Available records →
(* Consider a general state space model as described in the context, with observations $y_1,y_2,\dots$ held fixed, and the i.i.d. Monte Carlo filter $f^N_{t|t}$. Assume that the state space is compact, that the transition densities do not depend on $t$, $a_t=a$ for all $t\ge 1$, and that there exist a probability density $h$ and constants $0<c_a\le C_a<\infty$ such that (i) $c_a h(x)\le a(x',x)\le C_a h(x)$ for all $x,x'$; (ii) $0<\int b_t(x,y_t)h(x)\,d\mu(x)<\infty$ for all $t$ and all $y_t$; (iii) $\Delta(x',x):=\sup_{x''}\frac{|a(x,x'')-a(x',x'')|}{h(x'')}\to0$ as $d(x,x')\to0$. Then for every $\varepsilon>0$ there are constants $c_1,c_2$ such that for all $t$ and all $N$, $$\mathbf P\big[\|f^N_{t|t}-f_{t|t}\|_1>\varepsilon\big]\le c_1\exp(-c_2N).$$
   Context: State space model: the state space $E$ is a complete separable metric space (metric $d$) with Borel $\sigma$-field and a reference measure $\mu$; observation space with measure $\nu$. $(X_t)$ is a Markov chain with $X_0\sim a_0\,d\mu$ and $X_t\mid X_{t-1}=x'\sim a_t(x',x)\,d\mu(x)$; conditionally on $(X_t)$ the $Y_t$ are independent with $Y_t\mid X_t=x\sim b_t(x,y)\,d\nu(y)$. With observations fixed, $f_{t|t}$ is the conditional density of $X_t$ given $Y_{1:t}=y_{1:t}$: $f_{0|0}=a_0$, $f_{t|t}(x)\propto b_t(x,y_t)\int f_{t-1|t-1}(x')a_t(x',x)\,d\mu(x')$. Monte Carlo filter: $x_{1,0},\dots,x_{N,0}$ i.i.d. from $f^N_{0|0}=a_0$; given the particles up to time $t-1$, $x_{1,t},\dots,x_{N,t}$ are i.i.d. from $f^N_{t|t}(x)\propto b_t(x,y_t)\frac1N\sum_{j=1}^N a_t(x_{j,t-1},x)$. $\|\cdot\|_1$ is the $L_1(\mu)$ norm; probabilities refer only to the Monte Carlo randomness. *)

theory Defs
  imports "HOL-Probability.Probability"
begin

definition normalize :: "'a measure \<Rightarrow> ('a \<Rightarrow> real) \<Rightarrow> 'a \<Rightarrow> real" where
  "normalize \<mu> g x = g x / enn2real (\<integral>\<^sup>+ z. ennreal (g z) \<partial>\<mu>)"
lemma occ_configs_below_Suc_Suc:
  "occ_configs_below (Suc N) (Suc M)
     = add_ground ` occ_configs_below N (Suc M) \<union> raise_levels ` occ_configs_below (Suc N) M"
proof -
  have filter_image: "{y \<in> f ` A. P y} = f ` {x \<in> A. P (f x)}"
    for f :: "(nat \<Rightarrow> nat) \<Rightarrow> nat \<Rightarrow> nat" and A P by blast
  have filter_Un: "{y \<in> A \<union> B. P y} = {y \<in> A. P y} \<union> {y \<in> B. P y}"
    for A B :: "(nat \<Rightarrow> nat) set" and P by blast
  show ?thesis
    unfolding occ_configs_below_def
    by (subst (1) occ_configs_Suc)
      (simp only: filter_Un filter_image add_ground_vanish_iff raise_levels_vanish_iff)
qed

lemma sum_boltz_weight_le_1: "S \<subseteq> {\<lambda>_. 0} \<Longrightarrow> sum (boltz_weight b) S \<le> 1"
  using sum_mono2[of "{\<lambda>_. 0}" S "boltz_weight b"] boltz_weight_nonneg by auto

lemma geometric_bound_step:
  fixes q q' :: real
  assumes "0 \<le> q'" "q' \<le> q" "q < 1"
  shows "(1 / (1 - q)) ^ N + q' * (1 / (1 - q)) ^ Suc N \<le> (1 / (1 - q)) ^ Suc N"
proof -
  define r where "r = 1 / (1 - q)"
  have r: "r \<ge> 0" "r = 1 + q * r"
    using assms by (simp_all add: r_def field_simps)
  then have "1 + q' * r \<le> r"
    using mult_right_mono[OF assms(2) r(1)] by linarith
  then have "r ^ N * (1 + q' * r) \<le> r ^ N * r"
    using r(1) by (simp add: mult_left_mono)
  then show ?thesis
    unfolding r_def[symmetric] by (simp add: algebra_simps)
qed

lemma sum_boltz_weight_below_Suc_Suc:
  "sum (boltz_weight b) (occ_configs_below (Suc N) (Suc M))
     = sum (boltz_weight b) (occ_configs_below N (Suc M))
       + exp (- b * real (Suc N)) * sum (boltz_weight b) (occ_configs_below (Suc N) M)"
proof -
  have "occ_configs_below N (Suc M) \<subseteq> occ_configs N" "occ_configs_below (Suc N) M \<subseteq> occ_configs (Suc N)"
    by (auto simp: occ_configs_below_def)
  from infsum_boltz_weight_decompose[OF this]
  show ?thesis
    by (simp add: finite_occ_configs_below occ_configs_below_Suc_Suc[symmetric] del: of_nat_Suc)
qed

lemma sum_boltz_weight_below_le:
  assumes "b > 0"
  shows "sum (boltz_weight b) (occ_configs_below N M) \<le> (1 / (1 - exp (- b))) ^ N"
proof (induction M arbitrary: N)
  have r: "1 \<le> 1 / (1 - exp (- b))"
    using assms by simp
  case 0
  have "sum (boltz_weight b) (occ_configs_below N 0) \<le> 1"
    by (simp add: sum_boltz_weight_le_1 occ_configs_below_trivial)
  also have "1 \<le> (1 / (1 - exp (- b))) ^ N"
    using r by (rule one_le_power)
  finally show ?case .
next
  case (Suc M)
  note IH_M = Suc.IH
  show ?case
  proof (induction N)
    case 0
    then show ?case
      by (simp add: sum_boltz_weight_le_1 occ_configs_below_trivial)
  next
    case (Suc N)
    have "sum (boltz_weight b) (occ_configs_below (Suc N) (Suc M))
            \<le> (1 / (1 - exp (- b))) ^ N + exp (- b * real (Suc N)) * (1 / (1 - exp (- b))) ^ Suc N"
      unfolding sum_boltz_weight_below_Suc_Suc
      using Suc.IH IH_M[of "Suc N"] by (intro add_mono mult_left_mono) simp_all
    also have "\<dots> \<le> (1 / (1 - exp (- b))) ^ Suc N"
      using assms by (intro geometric_bound_step) simp_all
    finally show ?case .
  qed
qed

lemma boltz_weight_summable:
  assumes "b > 0"
  shows "boltz_weight b summable_on occ_configs N"
proof (rule nonneg_bdd_above_summable_on)
  show "bdd_above (sum (boltz_weight b) ` {F. F \<subseteq> occ_configs N \<and> finite F})"
  proof (rule bdd_aboveI2)
    fix F assume F: "F \<in> {F. F \<subseteq> occ_configs N \<and> finite F}"
    then have "\<forall>\<^sub>F j in sequentially. \<forall>n\<in>F. n j = 0"
      using occ_configs_eventually_zero by (intro eventually_ball_finite) auto
    then obtain M where "\<forall>j\<ge>M. \<forall>n\<in>F. n j = 0"
      unfolding eventually_sequentially by blast
    with F have "F \<subseteq> occ_configs_below N M"
      by (auto simp: occ_configs_below_def)
    then have "sum (boltz_weight b) F \<le> sum (boltz_weight b) (occ_configs_below N M)"
      using boltz_weight_nonneg by (intro sum_mono2 finite_occ_configs_below) auto
    also have "\<dots> \<le> (1 / (1 - exp (- b))) ^ N"
      using assms by (rule sum_boltz_weight_below_le)
    finally show "sum (boltz_weight b) F \<le> (1 / (1 - exp (- b))) ^ N" .
  qed
qed (simp add: boltz_weight_nonneg)

definition ground_moment :: "nat \<Rightarrow> real \<Rightarrow> real" where
  "ground_moment N b = (\<Sum>\<^sub>\<infinity> n\<in>occ_configs N. real (n 0) * boltz_weight b n)"

lemma ground_moment_summable:
  assumes "b > 0"
  shows "(\<lambda>n. real (n 0) * boltz_weight b n) summable_on occ_configs N"
proof (rule summable_on_comparison_test)
  show "(\<lambda>n. real N * boltz_weight b n) summable_on occ_configs N"
    using boltz_weight_summable[OF assms] by (rule summable_on_cmult_right)
qed (auto simp: occ_configs_le boltz_weight_nonneg mult_right_mono)

lemma partition_fn_0 [simp]: "partition_fn 0 b = 1"
  by (simp add: partition_fn_def occ_configs_0)

lemma ground_moment_0 [simp]: "ground_moment 0 b = 0"
  by (simp add: ground_moment_def occ_configs_0)

lemma partition_fn_Suc:
  assumes "b > 0"
  shows "partition_fn (Suc N) b = partition_fn N b + exp (- b * real (Suc N)) * partition_fn (Suc N) b"
  using infsum_boltz_weight_decompose[OF order_refl order_refl, of b N]
    boltz_weight_summable[OF assms, of "Suc N"]
  unfolding partition_fn_def occ_configs_Suc[symmetric] by simp

lemma ground_moment_Suc:
  assumes "b > 0"
  shows "ground_moment (Suc N) b = ground_moment N b + partition_fn N b"
proof -
  let ?f = "\<lambda>n. real (n 0) * boltz_weight b n"
  have "ground_moment (Suc N) b = infsum (?f \<circ> add_ground) (occ_configs N) + infsum (?f \<circ> raise_levels) (occ_configs (Suc N))"
    using infsum_add_ground_raise_levels[of ?f "occ_configs N" "occ_configs (Suc N)"]
      ground_moment_summable[OF assms, of "Suc N"]
    unfolding ground_moment_def occ_configs_Suc[symmetric] by simp
  also have "infsum (?f \<circ> add_ground) (occ_configs N) = infsum (\<lambda>n. ?f n + boltz_weight b n) (occ_configs N)"
    by (rule infsum_cong) (simp add: boltz_weight_add_ground algebra_simps)
  also have "\<dots> = ground_moment N b + partition_fn N b"
    unfolding ground_moment_def partition_fn_def
    using ground_moment_summable[OF assms] boltz_weight_summable[OF assms] by (rule infsum_add)
  also have "infsum (?f \<circ> raise_levels) (occ_configs (Suc N)) = 0"
    by (rule infsum_0) simp
  finally show ?thesis by simp
qed

lemma partition_fn_pos:
  assumes "b > 0"
  shows "partition_fn N b > 0"
proof (induction N)
  case (Suc N)
  define q where "q = exp (- b * real (Suc N))"
  have "partition_fn N b = (1 - q) * partition_fn (Suc N) b"
    using partition_fn_Suc[OF assms, of N] by (simp add: q_def algebra_simps del: of_nat_Suc)
  with Suc.IH have "0 < (1 - q) * partition_fn (Suc N) b"
    by simp
  moreover have "0 < 1 - q"
    unfolding q_def using assms by simp
  ultimately show ?case
    by (rule zero_less_mult_pos)
qed simp

lemma mean_n0_eq: "mean_n0 N b = ground_moment N b / partition_fn N b"
  by (simp add: mean_n0_def ground_moment_def)

lemma mean_n0_0 [simp]: "mean_n0 0 b = 0"
  by (simp add: mean_n0_eq)

lemma mean_n0_Suc:
  assumes "b > 0"
  shows "mean_n0 (Suc N) b = (1 - exp (- b * real (Suc N))) * (1 + mean_n0 N b)"
proof -
  define Z Z' where "Z = partition_fn N b" and "Z' = partition_fn (Suc N) b"
  have pos: "Z > 0" "Z' > 0"
    unfolding Z_def Z'_def using partition_fn_pos[OF assms] by auto
  have "Z / Z' = 1 - exp (- b * real (Suc N))"
    using partition_fn_Suc[OF assms, of N] pos unfolding Z_def[symmetric] Z'_def[symmetric]
    by (simp add: field_simps del: of_nat_Suc)
  moreover have "mean_n0 (Suc N) b = Z / Z' * (1 + mean_n0 N b)"
    using pos unfolding mean_n0_eq ground_moment_Suc[OF assms] Z_def[symmetric] Z'_def[symmetric]
    by (simp add: field_simps)
  ultimately show ?thesis by simp
qed

lemma mean_n0_nonneg:
  assumes "b > 0"
  shows "0 \<le> mean_n0 N b"
proof (induction N)
  case (Suc N)
  have "exp (- b * real (Suc N)) \<le> 1"
    using assms by simp
  with Suc.IH show ?case
    by (simp add: mean_n0_Suc[OF assms] del: of_nat_Suc)
qed simp

lemma mean_n0_le:
  assumes "b > 0"
  shows "mean_n0 N b \<le> real N"
proof (induction N)
  case (Suc N)
  have "mean_n0 (Suc N) b \<le> 1 * (1 + mean_n0 N b)"
    unfolding mean_n0_Suc[OF assms] using assms mean_n0_nonneg[OF assms, of N]
    by (intro mult_right_mono) simp_all
  with Suc.IH show ?case by simp
qed simp

lemma mean_n0_le_exp:
  assumes "b > 0" and "m \<le> N"
  shows "mean_n0 m b \<le> exp (b * real N) - 1"
  using assms(2)
proof (induction m)
  case (Suc m)
  define q where "q = exp (- b * real N)"
  have "q * exp (b * real N) = 1"
    unfolding q_def by (simp flip: exp_add)
  moreover have "1 - exp (- b * real (Suc m)) \<le> 1 - q"
    unfolding q_def using Suc.prems assms(1) by simp
  moreover have "1 + mean_n0 m b \<le> exp (b * real N)"
    using Suc by simp
  ultimately have "(1 - exp (- b * real (Suc m))) * (1 + mean_n0 m b) \<le> (1 - q) * exp (b * real N)"
    using assms(1) mean_n0_nonneg[OF assms(1), of m]
    by (intro mult_mono) (simp_all add: q_def)
  also have "\<dots> = exp (b * real N) - 1"
    using \<open>q * exp (b * real N) = 1\<close> by (simp add: algebra_simps)
  finally show ?case
    by (simp add: mean_n0_Suc[OF assms(1)] del: of_nat_Suc)
qed (use assms(1) in simp)

lemma mean_n0_deficit_le:
  assumes "b > 0"
  shows "real m - mean_n0 m b \<le> real K + real m ^ 2 * exp (- b * real K)"
proof (induction m)
  case (Suc m)
  show ?case
  proof (cases "Suc m \<le> K")
    case True
    then show ?thesis
      using mean_n0_nonneg[OF assms, of "Suc m"] by (simp add: add_increasing2)
  next
    case False
    \<comment> \<open>Once \<open>m \<ge> K\<close>, a step adds at most \<open>exp (- b K) (m + 1)\<close> to the deficit.\<close>
    define e where "e = exp (- b * real K)"
    have "exp (- b * real (Suc m)) * (1 + mean_n0 m b) \<le> e * real (Suc m)"
      unfolding e_def using False assms mean_n0_nonneg[OF assms, of m] mean_n0_le[OF assms, of m]
      by (intro mult_mono) simp_all
    moreover have "real (Suc m) - mean_n0 (Suc m) b
                     = (real m - mean_n0 m b) + exp (- b * real (Suc m)) * (1 + mean_n0 m b)"
      by (simp add: mean_n0_Suc[OF assms] algebra_simps del: of_nat_Suc)
    moreover have "real m ^ 2 * e + e * real (Suc m) \<le> real (Suc m) ^ 2 * e"
      by (simp add: e_def power2_eq_square algebra_simps)
    ultimately show ?thesis
      using Suc.IH unfolding e_def by linarith
  qed
qed simp

lemma mean_n0_deficit_le_ln:
  assumes "b > 0"
  shows "real N - mean_n0 N b \<le> 2 * ln (real N) / b + 2"
proof (cases "N = 0")
  case False
  define K where "K = nat \<lceil>2 * ln (real N) / b\<rceil>"
  have "ln (real N) \<ge> 0"
    using False by simp
  then have K: "2 * ln (real N) / b \<le> real K" "real K \<le> 2 * ln (real N) / b + 1"
    unfolding K_def using assms by (simp_all add: of_nat_nat ceiling_correct)
  have "2 * ln (real N) \<le> b * real K"
    using K(1) assms by (simp add: divide_le_eq mult.commute)
  then have "exp (- b * real K) \<le> exp (- (2 * ln (real N)))"
    by simp
  also have "\<dots> = inverse (exp (ln (real N ^ 2)))"
    using False by (simp add: exp_minus ln_realpow)
  also have "\<dots> = 1 / real N ^ 2"
    using False by (simp add: inverse_eq_divide)
  finally have "real N ^ 2 * exp (- b * real K) \<le> 1"
    using False by (simp add: field_simps)
  then show ?thesis
    using mean_n0_deficit_le[OF assms, of N K] K(2) by linarith
qed simp

lemma exp_div_tendsto_0:
  fixes x :: "nat \<Rightarrow> real"
  assumes "(\<lambda>N. x N / ln (real N)) \<longlonglongrightarrow> 0"
  shows "(\<lambda>N. exp (x N) / real N) \<longlonglongrightarrow> 0"
proof -
  have ln: "filterlim (\<lambda>N. ln (real N)) at_top sequentially"
    using ln_at_top filterlim_real_sequentially by (rule filterlim_compose)
  have "(\<lambda>N. x N / ln (real N) - 1) \<longlonglongrightarrow> -1"
    using tendsto_diff[OF assms tendsto_const[of 1]] by simp
  then have "filterlim (\<lambda>N. (x N / ln (real N) - 1) * ln (real N)) at_bot sequentially"
    by (rule filterlim_tendsto_neg_mult_at_bot[OF _ _ ln]) simp
  then have "(\<lambda>N. exp ((x N / ln (real N) - 1) * ln (real N))) \<longlonglongrightarrow> 0"
    using exp_at_bot by (rule filterlim_compose[rotated])
  moreover have "\<forall>\<^sub>F N in sequentially. exp ((x N / ln (real N) - 1) * ln (real N)) = exp (x N) / real N"
    using eventually_ge_at_top[of "2::nat"]
  proof eventually_elim
    case (elim N)
    then have "ln (real N) > 0" by simp
    then have "(x N / ln (real N) - 1) * ln (real N) = x N - ln (real N)"
      by (simp add: field_simps)
    then show ?case
      using elim by (simp add: exp_diff)
  qed
  ultimately show ?thesis
    by (rule Lim_transform_eventually)
qed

Exercise → Using the records above, gather all lines where the string "ultimately" is present.

Exercise response →
  ultimately show ?case
  ultimately show ?thesis by simp
  ultimately have "(1 - exp (- b * real (Suc m))) * (1 + mean_n0 m b) \<le> (1 - q) * exp (b * real N)"
    ultimately show ?thesis
  ultimately show ?thesis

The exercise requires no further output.